Se surgir alguma irritação local proveniente do seu emprego deverá suspender-se de imediato o tratamento e consultar-se o médico assistente.
Rodermil contém álcool cetoestearílico emulsionante (tipo A), propilenoglicol e para-hidroxibenzoato de metilo sódico e para-hidroxibenzoato de propilo sódico:
– O álcool cetoestearílico emulsionante (tipo A) pode causar reações cutâneas locais (por exemplo dermatite de contacto).
– O propilenoglicol pode causar irritação cutânea.
– O para-hidroxibenzoato de metilo sódico e o para-hidroxibenzoato de propilo sódico podem causar reações alérgicas (possivelmente retardadas).

EFEITOS EM MULHERES GRÁVIDAS OU EM PERÍODO DE ALEITAMENTO E CRIANÇAS
Evitar este tratamento em mulheres grávidas ou em período de amamentação, a não ser que seja estritamente necessário.
Porque não há experiência com este tratamento em crianças, deverá evitar-se o seu emprego em doentes com idade inferior a 10 anos.

EXCIPIENTES:
Rodermil emulsão cutânea: álcool cetoestearílico emulsionante (tipo A), octildodecanol, propilenoglicol (E1520), carbómero 941, para-hidroxibenzoato de metilo sódico, para-hidroxibenzoato de propilo sódico, ácido cítrico mono-hidratado, hidróxido de sódio e água altamente purificada.

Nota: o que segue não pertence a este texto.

lemma chart_duals_subset_cone:
  assumes "\<Theta> \<subseteq> proj_faces Q (gen_cone B)" "is_standard Q (gen_cone B) \<Theta>"
    and "\<forall>\<sigma>\<in>fan_cones_pre Q (gen_cone B) \<Theta>. m \<in> chart_dual Q \<sigma>"
  shows "m \<in> gen_cone B"
proof -
  have "0 \<le> representation B m b" if "b \<in> B" for b
  proof -
    obtain g where g: "g \<in> cov Q (gen_cone B) \<Theta>" "g \<subseteq> gen_cone (B - {b})"
      using assms(1,2) \<open>b \<in> B\<close> by (rule exists_cov_subset_facet)
    obtain u where u: "\<And>x. representation B x b = u \<bullet> x"
      using linear_functional_eq_inner[OF linear_coordinate] by blast
    have "u \<in> perp_face (gen_cone B) g"
      using g(2) \<open>b \<in> B\<close>
      by (auto simp: perp_face_def dual_cone_def mem_cone_iff mem_gen_cone_iff simp flip: u)
    moreover have "m \<in> chart_dual Q (perp_face (gen_cone B) g)"
      using assms(3) perp_face_mem_fan_cones_pre[OF g(1)] by blast
    ultimately show ?thesis
      unfolding chart_dual_def u by blast
  qed
  then show ?thesis
    by (simp add: mem_cone_iff)
qed

lemma global_functions_eq:
  assumes "is_bunch Q (gen_cone B) \<Theta>" "is_standard Q (gen_cone B) \<Theta>"
  shows "global_functions Q (gen_cone B) \<Theta> =
    {f. finite {m. f m \<noteq> 0} \<and> (\<forall>m. f m \<noteq> 0 \<longrightarrow> m \<in> lattice_pts \<inter> gen_cone B \<inter> {m. Q *v m = 0})}"
proof -
  have "\<Theta> \<subseteq> proj_faces Q (gen_cone B)"
    using assms(1) unfolding is_bunch_def by blast
  then have "(\<forall>\<sigma>\<in>fan_cones_pre Q (gen_cone B) \<Theta>. m \<in> chart_dual Q \<sigma>) \<longleftrightarrow> m \<in> gen_cone B"
    if "Q *v m = 0" for m
    using chart_duals_subset_cone[OF _ assms(2)] cone_kernel_subset_chart_dual that by blast
  then show ?thesis
    unfolding global_functions_def by blast
qed

lemma global_functions_eq_constant_functions_iff:
  assumes "is_bunch Q (gen_cone B) \<Theta>" "is_standard Q (gen_cone B) \<Theta>"
  shows "global_functions Q (gen_cone B) \<Theta> = (constant_functions :: (real^'n \<Rightarrow> 'a::field) set) \<longleftrightarrow>
    lattice_pts \<inter> gen_cone B \<inter> {m. Q *v m = 0} = {0}"
proof -
  have "0 \<in> lattice_pts \<inter> gen_cone B \<inter> {m. Q *v m = 0}"
    by (simp add: lattice_pts_def convex_cone_contains_0[OF convex_cone_gen_cone])
  then show ?thesis
    unfolding global_functions_eq[OF assms] by (rule finitely_supported_eq_constant_functions_iff)
qed
lemma extension_shrinks_unsatisfied:
  assumes no_overdue: "\<forall>\<delta>. pending R tr (dl \<rho>) \<delta> \<longrightarrow> dl \<rho> \<le> dl \<delta>"
    and "pending R tr (dl \<rho>) g" and "\<not> satisfies ({1..m}, dl \<rho>) g" and "1 \<le> node g"
  shows "card {\<delta>. pending R tr (dl \<rho>) \<delta> \<and> \<not> satisfies ({1..max m (node g)}, dl \<rho>) \<delta>}
    < card {\<delta>. pending R tr (dl \<rho>) \<delta> \<and> \<not> satisfies ({1..m}, dl \<rho>) \<delta>}"
proof (rule psubset_card_mono)
  show "finite {\<delta>. pending R tr (dl \<rho>) \<delta> \<and> \<not> satisfies ({1..m}, dl \<rho>) \<delta>}"
    using finite_R by (rule finite_subset[rotated]) (auto simp: pending_def)
  have "dl \<rho> \<le> dl g" using no_overdue assms(2) by blast
  then have "satisfies ({1..max m (node g)}, dl \<rho>) g"
    using assms(2,4) by (auto simp: satisfies_def pending_def)
  then show "{\<delta>. pending R tr (dl \<rho>) \<delta> \<and> \<not> satisfies ({1..max m (node g)}, dl \<rho>) \<delta>}
    \<subset> {\<delta>. pending R tr (dl \<rho>) \<delta> \<and> \<not> satisfies ({1..m}, dl \<rho>) \<delta>}"
    using assms(2,3) by (auto simp: satisfies_def)
qed
(* Let $f\colon\Sigma\to\mathbb{R}^3$ be a frontal and $p\in\Sigma$ a non-degenerate singular point. Let $\gamma=\gamma(t)$ be a singular curve with $\gamma(0)=p$, and let $\xi,\eta$ be smooth vector fields near $p$ such that along $\gamma$ one has $\xi=\gamma'$, $df(\eta)=0$ and $\det(\xi,\eta)>0$. Assume that (a) $\eta^3f(p)=\mathbf{0}$; (b) $\xi f(p)$ and $\eta^2f(p)$ are linearly independent; (c) $\xi\eta^3f(p)$ and $\eta^2f(p)$ are linearly dependent. Then there exist a regular curve $c\colon(-\varepsilon,\varepsilon)\to\Sigma$ and $\ell\in\mathbb{R}$ such that, writing $\hat c=f\circ c$: $c(0)=p$, $c'(0)$ is parallel to $\eta(p)$, $\hat c''(0)\neq\mathbf 0$, $\hat c'''(0)=\ell\,\hat c''(0)$, and \[ B:=\det\big(df(\gamma'(0)),\,\hat c''(0),\,3\hat c^{(5)}(0)-10\ell\,\hat c^{(4)}(0)\big)=3\det\big(\xi f,\eta^2f,\eta^5f\big)(p). \]
   Context: A smooth map $f\colon U\to\mathbb{R}^3$ from a surface is a frontal if there is a smooth map $n\colon U\to S^2$ with $n$ orthogonal (for the Euclidean inner product) to $df(TU)$. A singular point is a point where $f$ is not an immersion. The signed area density is $\lambda=\det(f_u,f_v,n)$ in local coordinates $(u,v)$; a singular point $p$ is non-degenerate if $d\lambda_p\neq0$. Near a non-degenerate singular point the singular set is the image of a regular curve $\gamma$ (a singular curve). For a vector field $\eta$, $\eta^kf$ denotes the $k$-fold directional derivative $\eta\cdots\eta f$, and $\xi\eta^3f=\xi(\eta^3 f)$. *)

theory Defs
  imports "HOL-Analysis.Analysis"
begin

(* Local model: the surface Sigma is replaced by an open set U of the coordinate
   plane real \<times> real (coordinates (u,v)); R^3 is real^3. *)

fun Ck_on :: "nat \<Rightarrow> 'a::euclidean_space set \<Rightarrow> ('a \<Rightarrow> 'b::real_normed_vector) \<Rightarrow> bool" where
  "Ck_on 0 U g = continuous_on U g"
| "Ck_on (Suc k) U g = (g differentiable_on U \<and>
      (\<forall>v. Ck_on k U (\<lambda>x. frechet_derivative g (at x) v)))"

definition C_infty_on :: "'a::euclidean_space set \<Rightarrow> ('a \<Rightarrow> 'b::real_normed_vector) \<Rightarrow> bool" where
  "C_infty_on U g \<longleftrightarrow> (\<forall>k. Ck_on k U g)"

definition det3 :: "real^3 \<Rightarrow> real^3 \<Rightarrow> real^3 \<Rightarrow> real" where
  "det3 a b c = det (vector [a, b, c] :: real^3^3)"

definition det2 :: "real \<times> real \<Rightarrow> real \<times> real \<Rightarrow> real" where
  "det2 a b = fst a * snd b - snd a * fst b"

definition vf_deriv :: "(real \<times> real \<Rightarrow> real \<times> real) \<Rightarrow> (real \<times> real \<Rightarrow> 'b::real_normed_vector)
    \<Rightarrow> real \<times> real \<Rightarrow> 'b" where
  "vf_deriv X g = (\<lambda>x. frechet_derivative g (at x) (X x))"

definition vf_iter :: "(real \<times> real \<Rightarrow> real \<times> real) \<Rightarrow> nat \<Rightarrow> (real \<times> real \<Rightarrow> 'b::real_normed_vector)
    \<Rightarrow> real \<times> real \<Rightarrow> 'b" where
  "vf_iter X k g = (vf_deriv X ^^ k) g"

definition nderiv :: "nat \<Rightarrow> (real \<Rightarrow> 'b::real_normed_vector) \<Rightarrow> real \<Rightarrow> 'b" where
  "nderiv k g = ((\<lambda>h t. vector_derivative h (at t)) ^^ k) g"

definition lin_indep2 :: "'b::real_vector \<Rightarrow> 'b \<Rightarrow> bool" where
  "lin_indep2 a b \<longleftrightarrow> (\<forall>s t. s *\<^sub>R a + t *\<^sub>R b = 0 \<longrightarrow> s = 0 \<and> t = 0)"

definition frontal_with :: "(real \<times> real) set \<Rightarrow> (real \<times> real \<Rightarrow> real^3) \<Rightarrow> (real \<times> real \<Rightarrow> real^3) \<Rightarrow> bool" where
  "frontal_with U f n \<longleftrightarrow> open U \<and> C_infty_on U f \<and> C_infty_on U n \<and>
     (\<forall>x\<in>U. norm (n x) = 1 \<and> (\<forall>v. n x \<bullet> frechet_derivative f (at x) v = 0))"

definition singular_pt :: "(real \<times> real \<Rightarrow> real^3) \<Rightarrow> real \<times> real \<Rightarrow> bool" where
  "singular_pt f x \<longleftrightarrow> \<not> inj (frechet_derivative f (at x))"

definition area_density :: "(real \<times> real \<Rightarrow> real^3) \<Rightarrow> (real \<times> real \<Rightarrow> real^3) \<Rightarrow> real \<times> real \<Rightarrow> real" where
  "area_density f n x = det3 (frechet_derivative f (at x) (1, 0)) (frechet_derivative f (at x) (0, 1)) (n x)"

definition nondegenerate_singular_pt :: "(real \<times> real \<Rightarrow> real^3) \<Rightarrow> (real \<times> real \<Rightarrow> real^3) \<Rightarrow> real \<times> real \<Rightarrow> bool" where
  "nondegenerate_singular_pt f n p \<longleftrightarrow> singular_pt f p \<and>
     frechet_derivative (area_density f n) (at p) \<noteq> (\<lambda>_. 0)"

end

theory Submission
  imports Defs
begin

(*
  Take for c the integral curve of \<eta> through p. Differentiating along c is differentiating
  along \<eta>, so the j-th derivative of f \<circ> c at 0 is (\<eta>^j f)(p). Hence c'(0) = \<eta>(p), the
  second derivative (\<eta>^2 f)(p) is non-zero by (b) and the third one (\<eta>^3 f)(p) vanishes by (a),
  so l = 0 works; since df(\<gamma>'(0)) = (\<xi> f)(p), B becomes 3 det(\<xi> f, \<eta>^2 f, \<eta>^5 f)(p).
  The integral curve comes from Picard iteration: it is the fixed point of a contraction on
  bounded continuous curves.
*)

lemma det3_scaleR_right: "det3 a b (k *\<^sub>R x) = k * det3 a b x"
  unfolding det3_def det_3 by (simp add: algebra_simps)

lemma lin_indep2_imp_nonzero_right:
  assumes "lin_indep2 a b"
  shows "b \<noteq> 0"
proof
  assume "b = 0"
  then have "0 *\<^sub>R a + 1 *\<^sub>R b = 0"
    by simp
  then have "(1::real) = 0"
    using assms unfolding lin_indep2_def by blast
  then show False
    by simp
qed

section \<open>Functions of class C^k\<close>

lemma Ck_on_SucD: "Ck_on (Suc k) S g \<Longrightarrow> Ck_on k S g"
proof (induction k arbitrary: g)
  case 0
  then show ?case by (simp add: differentiable_imp_continuous_on)
next
  case (Suc k)
  then show ?case by (metis Ck_on.simps(2))
qed

lemma Ck_on_le: "m \<le> k \<Longrightarrow> Ck_on k S g \<Longrightarrow> Ck_on m S g"
proof (induction k rule: dec_induct)
  case (step n)
  then show ?case by (metis Ck_on_SucD)
qed

lemma Ck_on_subset: "Ck_on k U g \<Longrightarrow> V \<subseteq> U \<Longrightarrow> Ck_on k V g"
proof (induction k arbitrary: g)
  case 0
  then show ?case by (metis Ck_on.simps(1) continuous_on_subset)
next
  case (Suc k)
  then show ?case by (metis Ck_on.simps(2) differentiable_on_subset)
qed

lemma frechet_derivative_cong_open:
  assumes "open S" "x \<in> S" "\<And>y. y \<in> S \<Longrightarrow> g y = g' y"
  shows "frechet_derivative g (at x) = frechet_derivative g' (at x)"
proof -
  have "(g has_derivative D) (at x) \<longleftrightarrow> (g' has_derivative D) (at x)" for D
    using has_derivative_transform_within_open[OF _ assms(1,2)] assms(3) by metis
  then show ?thesis unfolding frechet_derivative_def by simp
qed

lemma Ck_on_cong:
  assumes "open S" "Ck_on k S g" "\<And>x. x \<in> S \<Longrightarrow> g x = g' x"
  shows "Ck_on k S g'"
  using assms(2,3)
proof (induction k arbitrary: g g')
  case 0
  then show ?case by (metis Ck_on.simps(1) continuous_on_cong)
next
  case (Suc k)
  have "g' differentiable at x within S" if "x \<in> S" for x
  proof (rule differentiable_transform_within[OF _ zero_less_one that])
    show "g differentiable at x within S"
      using Suc.prems(1) that unfolding Ck_on.simps differentiable_on_def by blast
  qed (use Suc.prems(2) in simp)
  moreover have "Ck_on k S (\<lambda>x. frechet_derivative g' (at x) v)" for v
  proof (rule Suc.IH)
    show "Ck_on k S (\<lambda>x. frechet_derivative g (at x) v)"
      using Suc.prems(1) by simp
    show "frechet_derivative g (at x) v = frechet_derivative g' (at x) v" if "x \<in> S" for x
      using frechet_derivative_cong_open[OF assms(1) that Suc.prems(2)] by simp
  qed
  ultimately show ?case by (simp add: differentiable_on_def)
qed

lemma Ck_on_SucI:
  assumes "open S" "g differentiable_on S"
    and "\<And>v. \<exists>D. Ck_on k S D \<and> (\<forall>x\<in>S. frechet_derivative g (at x) v = D x)"
  shows "Ck_on (Suc k) S g"
proof -
  have "Ck_on k S (\<lambda>x. frechet_derivative g (at x) v)" for v
  proof -
    obtain D where "Ck_on k S D" "\<forall>x\<in>S. frechet_derivative g (at x) v = D x"
      using assms(3) by blast
    then show ?thesis by (auto intro: Ck_on_cong[OF assms(1), of k D])
  qed
  with assms(2) show ?thesis by simp
qed

lemma frechet_derivative_apply:
  "(g has_derivative D) (at x) \<Longrightarrow> frechet_derivative g (at x) v = D v"
  by (simp add: frechet_derivative_at[symmetric])

lemma Ck_on_const: "Ck_on k S (\<lambda>x. c)"
  by (induction k arbitrary: c) simp_all
lemma SA_objective_convex_combination:
  "SA_objective sig ar SA SC (\<lambda>X s. \<Sum>g\<in>G. p g * lam g X s)
     = (\<Sum>g\<in>G. p g * SA_objective sig ar SA SC (lam g))"
proof -
  have tuple_value: "SA_tuple_value SC (\<lambda>X s. \<Sum>g\<in>G. p g * lam g X s) f xs
      = (\<Sum>g\<in>G. p g * SA_tuple_value SC (lam g) f xs)" for f xs
    unfolding SA_tuple_value_def sum_distrib_left sum_distrib_right
    by (subst sum.swap) (simp add: mult_ac)
  have "SA_objective sig ar SA SC (\<lambda>X s. \<Sum>g\<in>G. p g * lam g X s)
      = (\<Sum>(f, xs)\<in>tup sig ar SA. \<Sum>g\<in>G. p g * (real_of_rat (snd SA f xs) * SA_tuple_value SC (lam g) f xs))"
    unfolding SA_objective_eq_sum_tuple_value tuple_value
    by (intro sum.cong refl) (auto simp: sum_distrib_left mult_ac)
  also have "\<dots> = (\<Sum>g\<in>G. p g * SA_objective sig ar SA SC (lam g))"
    unfolding SA_objective_eq_sum_tuple_value sum_distrib_left split_beta
    by (rule sum.swap)
  finally show ?thesis .
qed

definition SA_pullback :: "('a \<Rightarrow> 'b) \<Rightarrow> 'c set \<Rightarrow> ('b set \<Rightarrow> ('b \<Rightarrow> 'c) \<Rightarrow> real)
    \<Rightarrow> 'a set \<Rightarrow> ('a \<Rightarrow> 'c) \<Rightarrow> real" where
  "SA_pullback g C lam X s = (\<Sum>t\<in>{t\<in>g ` X \<rightarrow>\<^sub>E C. restrict (t \<circ> g) X = s}. lam (g ` X) t)"
(* Let $A\in\mathbb R^{d^2\times d^2}$ and let $x=x_1\otimes x_2$, where $x_1,x_2\in\mathbb R^d$ are independent, each a Rademacher vector or a $\mathcal N(0,I_d)$ vector. Let $\bar A=\frac14\big(A+A^{\Gamma_{\{1\}}}+A^{\Gamma_{\{2\}}}+A^\top\big)$. Then $$\operatorname{Var}[x^\top Ax]\le 2\|\operatorname{tr}_{\{1\}}(\bar A)\|_F^2+2\|\operatorname{tr}_{\{2\}}(\bar A)\|_F^2+4\|\bar A\|_F^2 .$$ Moreover, there is an absolute constant $C$ such that if $A$ is PSD, $\varepsilon\in(0,1)$ and $\ell\ge C\varepsilon^{-2}$, then with probability at least $2/3$ the Kronecker–Hutchinson estimator satisfies $|H_\ell(A)-\operatorname{tr}(A)|\le\varepsilon\operatorname{tr}(A)$.
   Context: Write $A\in\mathbb R^{d^2\times d^2}$ as a $d\times d$ block matrix with blocks $A_{ij}\in\mathbb R^{d\times d}$. Then $\operatorname{tr}_{\{1\}}(A)=\sum_{i=1}^dA_{ii}$, $\operatorname{tr}_{\{2\}}(A)$ is the $d\times d$ matrix with $(i,j)$ entry $\operatorname{tr}(A_{ij})$, $A^{\Gamma_{\{1\}}}$ is the block matrix with $(i,j)$ block $A_{ji}$, and $A^{\Gamma_{\{2\}}}$ is the block matrix with $(i,j)$ block $A_{ij}^\top$. A Rademacher vector has iid entries uniform on $\{\pm1\}$. $H_\ell(A)=\frac1\ell\sum_{j=1}^\ell (x^{(j)})^\top Ax^{(j)}$ with $x^{(j)}$ iid copies of $x$. *)

theory Defs
  imports "HOL-Probability.Probability"
begin

text \<open>Matrices in R^(d^2 x d^2) are functions on index pairs (i,a), i,a < d;
  row index (i,a) = row a of block row i. Vectors in R^d are functions nat => real.\<close>

type_synonym bmat = "nat \<times> nat \<Rightarrow> nat \<times> nat \<Rightarrow> real"

definition ptr1 :: "nat \<Rightarrow> bmat \<Rightarrow> nat \<Rightarrow> nat \<Rightarrow> real" where
  "ptr1 d A a b = (\<Sum>i<d. A (i,a) (i,b))"

definition ptr2 :: "nat \<Rightarrow> bmat \<Rightarrow> nat \<Rightarrow> nat \<Rightarrow> real" where
  "ptr2 d A i j = (\<Sum>a<d. A (i,a) (j,a))"

definition ptrans1 :: "bmat \<Rightarrow> bmat" where
  "ptrans1 A = (\<lambda>(i,a) (j,b). A (j,a) (i,b))"

definition ptrans2 :: "bmat \<Rightarrow> bmat" where
  "ptrans2 A = (\<lambda>(i,a) (j,b). A (i,b) (j,a))"

definition btrans :: "bmat \<Rightarrow> bmat" where
  "btrans A = (\<lambda>p q. A q p)"

definition sym_bar :: "bmat \<Rightarrow> bmat" where
  "sym_bar A = (\<lambda>p q. (A p q + ptrans1 A p q + ptrans2 A p q + btrans A p q) / 4)"

definition frob_sq :: "nat \<Rightarrow> (nat \<Rightarrow> nat \<Rightarrow> real) \<Rightarrow> real" where
  "frob_sq d M = (\<Sum>i<d. \<Sum>j<d. (M i j)\<^sup>2)"

definition bfrob_sq :: "nat \<Rightarrow> bmat \<Rightarrow> real" where
  "bfrob_sq d A = (\<Sum>p\<in>{..<d}\<times>{..<d}. \<Sum>q\<in>{..<d}\<times>{..<d}. (A p q)\<^sup>2)"

definition btrace :: "nat \<Rightarrow> bmat \<Rightarrow> real" where
  "btrace d A = (\<Sum>p\<in>{..<d}\<times>{..<d}. A p p)"

definition kron :: "(nat \<Rightarrow> real) \<Rightarrow> (nat \<Rightarrow> real) \<Rightarrow> nat \<times> nat \<Rightarrow> real" where
  "kron u v = (\<lambda>(i,a). u i * v a)"

definition qform :: "nat \<Rightarrow> bmat \<Rightarrow> (nat \<times> nat \<Rightarrow> real) \<Rightarrow> real" where
  "qform d A x = (\<Sum>p\<in>{..<d}\<times>{..<d}. \<Sum>q\<in>{..<d}\<times>{..<d}. x p * A p q * x q)"

definition bpsd :: "nat \<Rightarrow> bmat \<Rightarrow> bool" where
  "bpsd d A \<longleftrightarrow> (\<forall>p\<in>{..<d}\<times>{..<d}. \<forall>q\<in>{..<d}\<times>{..<d}. A p q = A q p)
                 \<and> (\<forall>x. 0 \<le> qform d A x)"

definition rademacher :: "real measure" where
  "rademacher = measure_pmf (pmf_of_set {-1, 1})"

definition rad_vec :: "nat \<Rightarrow> (nat \<Rightarrow> real) measure" where
  "rad_vec d = PiM {..<d} (\<lambda>_. rademacher)"

definition gauss_vec :: "nat \<Rightarrow> (nat \<Rightarrow> real) measure" where
  "gauss_vec d = PiM {..<d} (\<lambda>_. std_normal_distribution)"

definition pair_dist :: "(nat \<Rightarrow> real) measure \<Rightarrow> (nat \<Rightarrow> real) measure \<Rightarrow> ((nat \<Rightarrow> real) \<times> (nat \<Rightarrow> real)) measure" where
  "pair_dist D1 D2 = D1 \<Otimes>\<^sub>M D2"

definition hutch :: "nat \<Rightarrow> bmat \<Rightarrow> nat \<Rightarrow> (nat \<Rightarrow> (nat \<Rightarrow> real) \<times> (nat \<Rightarrow> real)) \<Rightarrow> real" where
  "hutch d A l \<omega> = (1 / real l) * (\<Sum>j<l. qform d A (kron (fst (\<omega> j)) (snd (\<omega> j))))"

end

theory Submission
  imports Defs
begin

text \<open>
  Let S = sym_bar A. The partial transposes leave the quadratic form at a Kronecker vector
  unchanged, so (u \<otimes> v)^T A (u \<otimes> v) = u^T M_v u with the matrix
  M_v(i,j) = \<Sum>_(a,b) v_a v_b S((i,a),(j,b)), which is symmetric in i and j.
  Rademacher and Gaussian coordinates have moments 0, 1, 0, 3 + \<kappa> with excess kurtosis
  \<kappa> = -2 resp. 0, so Isserlis' formula gives, for symmetric M,
  E (x^T M x)^2 = (tr M)^2 + 2 |M|_F^2 + \<kappa> \<Sum>_i M_ii^2 \<le> (tr M)^2 + 2 |M|_F^2.
  Applying this first in u for fixed v, and then in v (tr M_v and every M_v(i,j) are
  quadratic forms in v, with matrices tr_1 S and S_ij), bounds the second moment by
  tr(A)^2 + 2 |tr_1 S|_F^2 + 2 |tr_2 S|_F^2 + 4 |S|_F^2, while the mean is tr A.
  For PSD A the inequality A_pq^2 \<le> A_pp A_qq bounds each of these three norms by tr(A)^2,
  so the variance is at most 8 tr(A)^2, and Chebyshev's inequality for the mean of
  l \<ge> 24/\<epsilon>^2 samples gives the estimate with C = 24.
\<close>

section \<open>Distributions with standardised moments\<close>

text \<open>\<open>\<kappa>\<close> is the excess kurtosis; values for \<open>n > 4\<close> are never used.\<close>

definition std_moment :: "real \<Rightarrow> nat \<Rightarrow> real" where
  "std_moment \<kappa> n = (if n = 0 \<or> n = 2 then 1 else if n = 4 then 3 + \<kappa> else 0)"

POSOLOGIA, MODO E VIA DE ADMINISTRAÇÃO:
Aplicar duas vezes ao dia, sob a forma de camada fina que deverá recobrir toda a área afectada, a qual foi previamente limpa com leite de limpeza.

AVISOS:
– Um medicamento destina-se ao tratamento de uma situação objectiva. Para tal deverão cumprir-se escrupulosamente as indicações médicas;
– Aconselha-se o utente a comunicar ao seu médico ou farmacêutico a detecção de efeitos indesejáveis que não constam deste folheto;
– Deve verificar-se sempre o prazo de validade impresso na embalagem exterior;
– Não conservar acima de 25ºC;
– Tratando-se de um produto para uso exclusivamente cutâneo, à sua embalagem não deve ser dada qualquer outra utilização;
– Como todos os medicamentos, este deve ser mantido fora do alcance e da vista das crianças.

Data da revisão deste folheto: Abril de 2016.